* **Exercise**
For the entries below, print exactly the lines between the line holding "1 = power_divdiff" and the line holding "a * power_divdiff", inclusive, and nothing else.

(Collected data)
.....

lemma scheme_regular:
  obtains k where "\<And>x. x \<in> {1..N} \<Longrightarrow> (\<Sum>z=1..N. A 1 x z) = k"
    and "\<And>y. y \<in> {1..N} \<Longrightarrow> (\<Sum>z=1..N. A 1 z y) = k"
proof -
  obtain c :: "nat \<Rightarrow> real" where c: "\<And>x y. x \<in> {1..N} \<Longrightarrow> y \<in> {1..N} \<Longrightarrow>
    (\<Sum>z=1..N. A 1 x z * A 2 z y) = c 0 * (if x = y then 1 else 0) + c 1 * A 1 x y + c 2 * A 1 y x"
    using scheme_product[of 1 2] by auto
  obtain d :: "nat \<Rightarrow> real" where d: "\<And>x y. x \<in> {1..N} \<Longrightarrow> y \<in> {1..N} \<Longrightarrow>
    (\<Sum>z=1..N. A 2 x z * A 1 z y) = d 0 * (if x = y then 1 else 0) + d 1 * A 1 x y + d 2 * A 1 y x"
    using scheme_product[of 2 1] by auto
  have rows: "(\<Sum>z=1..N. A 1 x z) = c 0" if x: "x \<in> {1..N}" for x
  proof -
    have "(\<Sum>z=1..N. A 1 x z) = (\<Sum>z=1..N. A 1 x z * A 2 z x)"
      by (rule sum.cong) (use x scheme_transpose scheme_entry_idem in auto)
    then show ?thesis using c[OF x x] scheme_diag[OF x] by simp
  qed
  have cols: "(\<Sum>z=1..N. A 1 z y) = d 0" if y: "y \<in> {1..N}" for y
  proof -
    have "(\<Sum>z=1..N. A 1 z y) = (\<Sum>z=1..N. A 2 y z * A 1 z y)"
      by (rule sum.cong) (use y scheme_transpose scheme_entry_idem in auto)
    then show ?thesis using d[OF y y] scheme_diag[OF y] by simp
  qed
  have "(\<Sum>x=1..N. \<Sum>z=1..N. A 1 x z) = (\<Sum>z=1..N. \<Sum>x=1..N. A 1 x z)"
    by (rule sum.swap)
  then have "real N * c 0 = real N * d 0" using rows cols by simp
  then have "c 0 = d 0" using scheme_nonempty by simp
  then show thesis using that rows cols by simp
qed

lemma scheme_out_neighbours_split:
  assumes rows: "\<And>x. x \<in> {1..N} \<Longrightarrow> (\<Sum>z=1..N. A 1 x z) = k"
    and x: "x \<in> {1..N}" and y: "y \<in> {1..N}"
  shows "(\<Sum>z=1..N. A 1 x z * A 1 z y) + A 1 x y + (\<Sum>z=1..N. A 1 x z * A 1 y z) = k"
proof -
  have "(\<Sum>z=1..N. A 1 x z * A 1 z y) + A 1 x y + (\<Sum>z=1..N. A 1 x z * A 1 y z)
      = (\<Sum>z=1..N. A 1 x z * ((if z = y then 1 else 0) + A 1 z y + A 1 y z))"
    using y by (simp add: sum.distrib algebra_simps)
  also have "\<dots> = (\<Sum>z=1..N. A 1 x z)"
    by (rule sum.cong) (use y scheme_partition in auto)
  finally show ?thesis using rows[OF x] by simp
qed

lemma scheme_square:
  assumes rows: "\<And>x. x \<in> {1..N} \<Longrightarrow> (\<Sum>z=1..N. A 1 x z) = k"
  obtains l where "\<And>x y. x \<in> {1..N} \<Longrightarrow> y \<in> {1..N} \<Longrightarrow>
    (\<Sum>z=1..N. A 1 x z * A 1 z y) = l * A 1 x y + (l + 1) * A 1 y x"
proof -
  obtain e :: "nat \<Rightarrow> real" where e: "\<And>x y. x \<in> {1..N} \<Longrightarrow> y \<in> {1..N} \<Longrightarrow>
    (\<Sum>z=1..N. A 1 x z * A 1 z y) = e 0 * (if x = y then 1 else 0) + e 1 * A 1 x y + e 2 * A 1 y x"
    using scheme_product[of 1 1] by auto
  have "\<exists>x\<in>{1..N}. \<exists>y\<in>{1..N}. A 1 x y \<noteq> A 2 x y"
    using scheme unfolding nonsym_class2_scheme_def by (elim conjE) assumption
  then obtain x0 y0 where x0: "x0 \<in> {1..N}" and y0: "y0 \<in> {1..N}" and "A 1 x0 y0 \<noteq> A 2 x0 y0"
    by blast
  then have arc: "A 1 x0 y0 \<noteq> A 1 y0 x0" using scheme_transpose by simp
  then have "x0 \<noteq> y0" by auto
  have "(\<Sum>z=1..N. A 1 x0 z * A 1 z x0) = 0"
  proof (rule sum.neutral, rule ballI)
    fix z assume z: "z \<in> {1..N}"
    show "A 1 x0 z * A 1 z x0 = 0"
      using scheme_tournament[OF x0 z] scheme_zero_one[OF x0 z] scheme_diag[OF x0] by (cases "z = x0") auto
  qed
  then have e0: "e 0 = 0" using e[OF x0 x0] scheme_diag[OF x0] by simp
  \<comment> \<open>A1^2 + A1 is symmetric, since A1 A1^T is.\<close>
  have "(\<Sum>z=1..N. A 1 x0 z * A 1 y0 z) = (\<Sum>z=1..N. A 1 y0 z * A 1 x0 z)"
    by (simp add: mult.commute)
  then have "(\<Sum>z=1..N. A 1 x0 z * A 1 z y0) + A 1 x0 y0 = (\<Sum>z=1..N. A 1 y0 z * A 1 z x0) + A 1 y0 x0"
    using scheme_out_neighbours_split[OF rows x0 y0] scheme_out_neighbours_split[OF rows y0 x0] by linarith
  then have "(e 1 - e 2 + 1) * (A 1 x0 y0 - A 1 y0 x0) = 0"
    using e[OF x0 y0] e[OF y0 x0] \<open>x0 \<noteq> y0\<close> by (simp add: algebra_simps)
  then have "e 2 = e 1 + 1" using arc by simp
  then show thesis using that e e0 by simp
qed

.....

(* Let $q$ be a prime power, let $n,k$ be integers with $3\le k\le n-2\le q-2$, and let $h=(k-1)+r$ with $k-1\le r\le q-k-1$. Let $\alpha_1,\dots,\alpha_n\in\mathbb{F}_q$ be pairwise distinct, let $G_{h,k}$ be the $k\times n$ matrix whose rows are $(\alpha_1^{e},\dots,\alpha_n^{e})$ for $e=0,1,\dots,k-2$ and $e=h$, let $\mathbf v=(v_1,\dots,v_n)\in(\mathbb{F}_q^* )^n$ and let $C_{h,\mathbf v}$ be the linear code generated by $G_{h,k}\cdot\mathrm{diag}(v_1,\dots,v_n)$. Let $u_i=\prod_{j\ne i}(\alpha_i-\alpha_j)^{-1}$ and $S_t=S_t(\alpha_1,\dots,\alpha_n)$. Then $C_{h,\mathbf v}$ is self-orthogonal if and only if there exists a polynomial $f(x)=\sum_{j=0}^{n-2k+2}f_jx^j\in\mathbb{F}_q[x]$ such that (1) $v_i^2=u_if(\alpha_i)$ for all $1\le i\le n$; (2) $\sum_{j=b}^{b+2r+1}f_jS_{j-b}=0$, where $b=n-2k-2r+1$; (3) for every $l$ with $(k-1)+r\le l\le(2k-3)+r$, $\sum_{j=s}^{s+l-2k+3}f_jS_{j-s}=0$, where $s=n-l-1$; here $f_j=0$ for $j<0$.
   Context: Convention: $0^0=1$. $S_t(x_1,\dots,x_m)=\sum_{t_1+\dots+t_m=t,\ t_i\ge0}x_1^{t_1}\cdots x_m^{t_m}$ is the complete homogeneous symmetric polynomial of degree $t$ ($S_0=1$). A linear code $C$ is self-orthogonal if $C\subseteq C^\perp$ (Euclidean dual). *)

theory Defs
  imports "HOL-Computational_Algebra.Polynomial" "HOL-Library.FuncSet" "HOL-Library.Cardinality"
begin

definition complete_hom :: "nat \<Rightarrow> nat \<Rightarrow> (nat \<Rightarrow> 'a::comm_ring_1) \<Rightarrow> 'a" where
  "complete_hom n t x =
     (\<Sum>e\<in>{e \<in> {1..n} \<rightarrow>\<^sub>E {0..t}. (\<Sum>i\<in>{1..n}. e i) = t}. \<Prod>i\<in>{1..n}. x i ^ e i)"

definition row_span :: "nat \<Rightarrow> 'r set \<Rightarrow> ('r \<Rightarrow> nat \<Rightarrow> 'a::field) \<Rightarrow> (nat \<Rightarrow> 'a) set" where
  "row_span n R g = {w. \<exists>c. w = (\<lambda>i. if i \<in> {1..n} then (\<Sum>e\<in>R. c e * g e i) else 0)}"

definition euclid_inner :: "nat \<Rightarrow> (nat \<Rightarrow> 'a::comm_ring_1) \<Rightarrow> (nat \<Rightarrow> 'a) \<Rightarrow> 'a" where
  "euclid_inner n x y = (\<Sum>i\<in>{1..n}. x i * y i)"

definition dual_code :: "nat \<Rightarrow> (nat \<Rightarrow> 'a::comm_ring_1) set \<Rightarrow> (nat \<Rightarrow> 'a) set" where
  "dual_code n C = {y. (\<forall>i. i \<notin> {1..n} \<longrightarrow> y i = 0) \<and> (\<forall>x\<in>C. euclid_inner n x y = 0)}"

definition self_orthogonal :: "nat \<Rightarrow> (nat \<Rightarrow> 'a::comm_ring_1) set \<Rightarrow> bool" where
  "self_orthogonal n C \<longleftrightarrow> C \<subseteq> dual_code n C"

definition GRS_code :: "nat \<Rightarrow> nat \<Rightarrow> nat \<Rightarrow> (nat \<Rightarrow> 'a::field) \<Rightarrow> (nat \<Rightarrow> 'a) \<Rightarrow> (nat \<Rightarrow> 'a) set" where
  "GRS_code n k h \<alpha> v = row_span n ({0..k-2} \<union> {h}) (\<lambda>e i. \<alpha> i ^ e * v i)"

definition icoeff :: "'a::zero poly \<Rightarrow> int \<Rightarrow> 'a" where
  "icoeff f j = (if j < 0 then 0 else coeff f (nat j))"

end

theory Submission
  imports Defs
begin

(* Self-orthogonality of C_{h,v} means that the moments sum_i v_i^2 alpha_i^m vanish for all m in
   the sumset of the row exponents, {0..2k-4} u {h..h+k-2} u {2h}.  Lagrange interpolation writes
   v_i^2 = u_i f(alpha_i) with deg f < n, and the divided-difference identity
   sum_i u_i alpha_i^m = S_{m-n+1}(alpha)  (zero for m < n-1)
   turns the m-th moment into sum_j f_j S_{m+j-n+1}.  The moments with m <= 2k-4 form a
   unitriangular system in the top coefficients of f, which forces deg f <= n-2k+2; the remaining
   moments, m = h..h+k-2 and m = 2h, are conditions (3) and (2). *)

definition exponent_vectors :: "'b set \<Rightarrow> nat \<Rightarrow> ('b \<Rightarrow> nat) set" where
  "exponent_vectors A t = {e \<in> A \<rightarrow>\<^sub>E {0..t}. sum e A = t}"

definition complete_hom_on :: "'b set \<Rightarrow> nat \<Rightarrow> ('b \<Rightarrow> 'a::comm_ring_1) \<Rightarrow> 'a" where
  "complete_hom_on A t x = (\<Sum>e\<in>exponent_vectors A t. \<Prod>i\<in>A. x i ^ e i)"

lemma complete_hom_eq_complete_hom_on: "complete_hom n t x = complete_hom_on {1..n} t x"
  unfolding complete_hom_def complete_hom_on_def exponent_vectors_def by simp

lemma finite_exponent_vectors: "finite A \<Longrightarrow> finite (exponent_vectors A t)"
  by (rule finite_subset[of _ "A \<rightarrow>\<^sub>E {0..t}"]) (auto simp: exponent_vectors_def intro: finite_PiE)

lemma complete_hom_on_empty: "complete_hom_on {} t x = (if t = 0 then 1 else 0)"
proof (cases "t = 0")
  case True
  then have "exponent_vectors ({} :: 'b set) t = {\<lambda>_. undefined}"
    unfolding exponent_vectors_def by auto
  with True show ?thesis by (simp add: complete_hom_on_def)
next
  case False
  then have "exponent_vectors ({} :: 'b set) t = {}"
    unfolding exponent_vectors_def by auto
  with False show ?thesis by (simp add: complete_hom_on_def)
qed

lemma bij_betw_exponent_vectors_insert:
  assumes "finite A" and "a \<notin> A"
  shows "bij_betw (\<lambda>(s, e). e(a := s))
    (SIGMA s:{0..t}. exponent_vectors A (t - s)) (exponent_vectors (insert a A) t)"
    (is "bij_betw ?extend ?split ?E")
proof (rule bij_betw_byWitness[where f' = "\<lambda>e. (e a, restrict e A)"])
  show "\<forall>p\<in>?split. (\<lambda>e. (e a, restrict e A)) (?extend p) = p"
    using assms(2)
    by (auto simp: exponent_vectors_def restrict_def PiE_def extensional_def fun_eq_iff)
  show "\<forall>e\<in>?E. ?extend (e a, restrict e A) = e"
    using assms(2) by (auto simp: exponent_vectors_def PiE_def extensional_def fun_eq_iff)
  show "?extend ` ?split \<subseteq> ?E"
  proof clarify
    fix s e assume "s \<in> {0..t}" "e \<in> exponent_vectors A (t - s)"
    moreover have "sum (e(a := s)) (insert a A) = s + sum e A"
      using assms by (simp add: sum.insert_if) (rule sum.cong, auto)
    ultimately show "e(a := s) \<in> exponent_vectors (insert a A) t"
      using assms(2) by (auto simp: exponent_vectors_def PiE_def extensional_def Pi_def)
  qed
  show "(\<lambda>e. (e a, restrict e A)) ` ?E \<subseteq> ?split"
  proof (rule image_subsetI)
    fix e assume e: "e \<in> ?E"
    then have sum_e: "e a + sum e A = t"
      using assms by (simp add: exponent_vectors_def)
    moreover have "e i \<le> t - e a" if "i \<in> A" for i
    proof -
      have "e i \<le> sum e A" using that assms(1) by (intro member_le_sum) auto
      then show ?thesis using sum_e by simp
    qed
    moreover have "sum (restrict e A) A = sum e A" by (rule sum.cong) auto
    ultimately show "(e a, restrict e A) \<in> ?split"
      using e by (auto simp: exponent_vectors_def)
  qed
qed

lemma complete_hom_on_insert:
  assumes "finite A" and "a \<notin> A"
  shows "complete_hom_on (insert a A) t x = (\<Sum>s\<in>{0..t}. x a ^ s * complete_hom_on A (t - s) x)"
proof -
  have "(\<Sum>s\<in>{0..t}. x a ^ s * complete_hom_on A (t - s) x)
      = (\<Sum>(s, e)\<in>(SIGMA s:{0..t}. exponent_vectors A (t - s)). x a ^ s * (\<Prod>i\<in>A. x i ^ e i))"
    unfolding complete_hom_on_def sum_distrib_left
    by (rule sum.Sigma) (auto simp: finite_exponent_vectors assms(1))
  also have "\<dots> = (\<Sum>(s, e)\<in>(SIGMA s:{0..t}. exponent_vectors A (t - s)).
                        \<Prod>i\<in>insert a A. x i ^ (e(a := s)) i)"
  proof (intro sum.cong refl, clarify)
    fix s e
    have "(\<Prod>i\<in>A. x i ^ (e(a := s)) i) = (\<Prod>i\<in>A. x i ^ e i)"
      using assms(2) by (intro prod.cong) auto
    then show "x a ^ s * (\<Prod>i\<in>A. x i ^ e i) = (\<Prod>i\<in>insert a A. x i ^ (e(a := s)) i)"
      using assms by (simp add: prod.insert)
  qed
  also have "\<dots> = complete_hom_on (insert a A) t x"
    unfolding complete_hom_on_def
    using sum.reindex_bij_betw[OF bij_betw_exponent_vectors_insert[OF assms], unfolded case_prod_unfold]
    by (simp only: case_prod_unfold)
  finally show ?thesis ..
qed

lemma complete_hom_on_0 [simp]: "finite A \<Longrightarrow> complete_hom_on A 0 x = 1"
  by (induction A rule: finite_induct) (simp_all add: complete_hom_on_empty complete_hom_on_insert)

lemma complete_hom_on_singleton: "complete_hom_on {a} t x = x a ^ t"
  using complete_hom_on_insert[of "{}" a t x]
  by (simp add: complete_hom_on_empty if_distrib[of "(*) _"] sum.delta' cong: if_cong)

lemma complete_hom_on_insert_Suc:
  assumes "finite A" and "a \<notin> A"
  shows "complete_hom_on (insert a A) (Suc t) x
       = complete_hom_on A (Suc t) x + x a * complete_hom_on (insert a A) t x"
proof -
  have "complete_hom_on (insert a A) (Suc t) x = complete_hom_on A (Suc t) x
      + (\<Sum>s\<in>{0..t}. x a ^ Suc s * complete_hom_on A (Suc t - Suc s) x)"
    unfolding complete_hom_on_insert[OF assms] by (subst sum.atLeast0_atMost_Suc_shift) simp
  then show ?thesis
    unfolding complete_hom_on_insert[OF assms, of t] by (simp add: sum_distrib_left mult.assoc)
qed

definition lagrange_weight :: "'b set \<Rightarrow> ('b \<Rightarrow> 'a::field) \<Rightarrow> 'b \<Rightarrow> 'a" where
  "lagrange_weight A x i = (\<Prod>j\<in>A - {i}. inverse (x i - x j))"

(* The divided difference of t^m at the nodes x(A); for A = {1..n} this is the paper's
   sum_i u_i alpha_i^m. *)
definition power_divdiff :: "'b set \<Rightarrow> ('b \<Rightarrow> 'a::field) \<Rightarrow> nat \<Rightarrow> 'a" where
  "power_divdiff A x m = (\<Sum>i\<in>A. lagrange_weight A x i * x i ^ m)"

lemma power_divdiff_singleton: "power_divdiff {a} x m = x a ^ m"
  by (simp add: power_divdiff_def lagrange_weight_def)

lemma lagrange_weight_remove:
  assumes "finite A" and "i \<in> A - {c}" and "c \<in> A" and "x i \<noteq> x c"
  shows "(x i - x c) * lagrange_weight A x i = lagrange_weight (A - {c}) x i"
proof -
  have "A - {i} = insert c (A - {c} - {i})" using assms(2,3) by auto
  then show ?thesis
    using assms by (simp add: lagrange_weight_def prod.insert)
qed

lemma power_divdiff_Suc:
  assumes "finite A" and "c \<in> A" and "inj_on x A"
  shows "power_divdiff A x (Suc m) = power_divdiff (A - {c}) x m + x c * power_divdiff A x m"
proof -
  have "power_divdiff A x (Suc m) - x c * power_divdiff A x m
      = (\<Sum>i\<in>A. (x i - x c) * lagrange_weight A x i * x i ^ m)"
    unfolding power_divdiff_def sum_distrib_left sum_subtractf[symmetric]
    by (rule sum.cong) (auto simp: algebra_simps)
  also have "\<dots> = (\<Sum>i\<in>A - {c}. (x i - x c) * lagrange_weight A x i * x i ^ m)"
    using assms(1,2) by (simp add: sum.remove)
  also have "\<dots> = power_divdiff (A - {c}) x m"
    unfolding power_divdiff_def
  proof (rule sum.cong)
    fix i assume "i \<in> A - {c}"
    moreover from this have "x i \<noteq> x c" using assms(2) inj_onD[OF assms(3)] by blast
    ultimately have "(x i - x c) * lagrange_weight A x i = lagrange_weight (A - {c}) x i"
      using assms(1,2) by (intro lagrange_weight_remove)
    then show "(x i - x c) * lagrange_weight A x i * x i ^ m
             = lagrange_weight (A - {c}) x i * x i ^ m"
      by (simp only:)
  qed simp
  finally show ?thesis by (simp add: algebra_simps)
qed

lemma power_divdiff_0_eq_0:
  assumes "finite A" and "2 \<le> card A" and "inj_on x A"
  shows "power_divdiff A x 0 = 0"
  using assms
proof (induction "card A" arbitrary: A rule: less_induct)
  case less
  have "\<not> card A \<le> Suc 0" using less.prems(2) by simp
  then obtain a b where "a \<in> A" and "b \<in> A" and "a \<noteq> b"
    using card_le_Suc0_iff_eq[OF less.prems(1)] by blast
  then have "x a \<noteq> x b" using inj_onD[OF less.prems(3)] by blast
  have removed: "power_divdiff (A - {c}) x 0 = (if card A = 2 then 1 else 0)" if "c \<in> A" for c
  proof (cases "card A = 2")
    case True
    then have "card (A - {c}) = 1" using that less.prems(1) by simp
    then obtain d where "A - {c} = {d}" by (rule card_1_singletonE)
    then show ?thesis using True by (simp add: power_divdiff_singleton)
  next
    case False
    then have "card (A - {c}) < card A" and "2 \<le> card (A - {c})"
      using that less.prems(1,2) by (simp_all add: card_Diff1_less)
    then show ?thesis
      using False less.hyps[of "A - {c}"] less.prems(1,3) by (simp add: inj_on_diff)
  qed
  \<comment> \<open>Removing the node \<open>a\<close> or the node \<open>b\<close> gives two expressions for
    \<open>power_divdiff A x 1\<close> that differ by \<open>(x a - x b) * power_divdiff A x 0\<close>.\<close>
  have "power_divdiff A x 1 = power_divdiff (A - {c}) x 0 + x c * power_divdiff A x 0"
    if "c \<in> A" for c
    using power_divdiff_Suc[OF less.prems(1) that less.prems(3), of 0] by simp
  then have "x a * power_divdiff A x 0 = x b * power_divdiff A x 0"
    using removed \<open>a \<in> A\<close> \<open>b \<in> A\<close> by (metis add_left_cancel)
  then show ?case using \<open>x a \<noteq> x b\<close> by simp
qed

.....

* **Response area**
  have "power_divdiff A x 1 = power_divdiff (A - {c}) x 0 + x c * power_divdiff A x 0"
    if "c \<in> A" for c
    using power_divdiff_Suc[OF less.prems(1) that less.prems(3), of 0] by simp
  then have "x a * power_divdiff A x 0 = x b * power_divdiff A x 0"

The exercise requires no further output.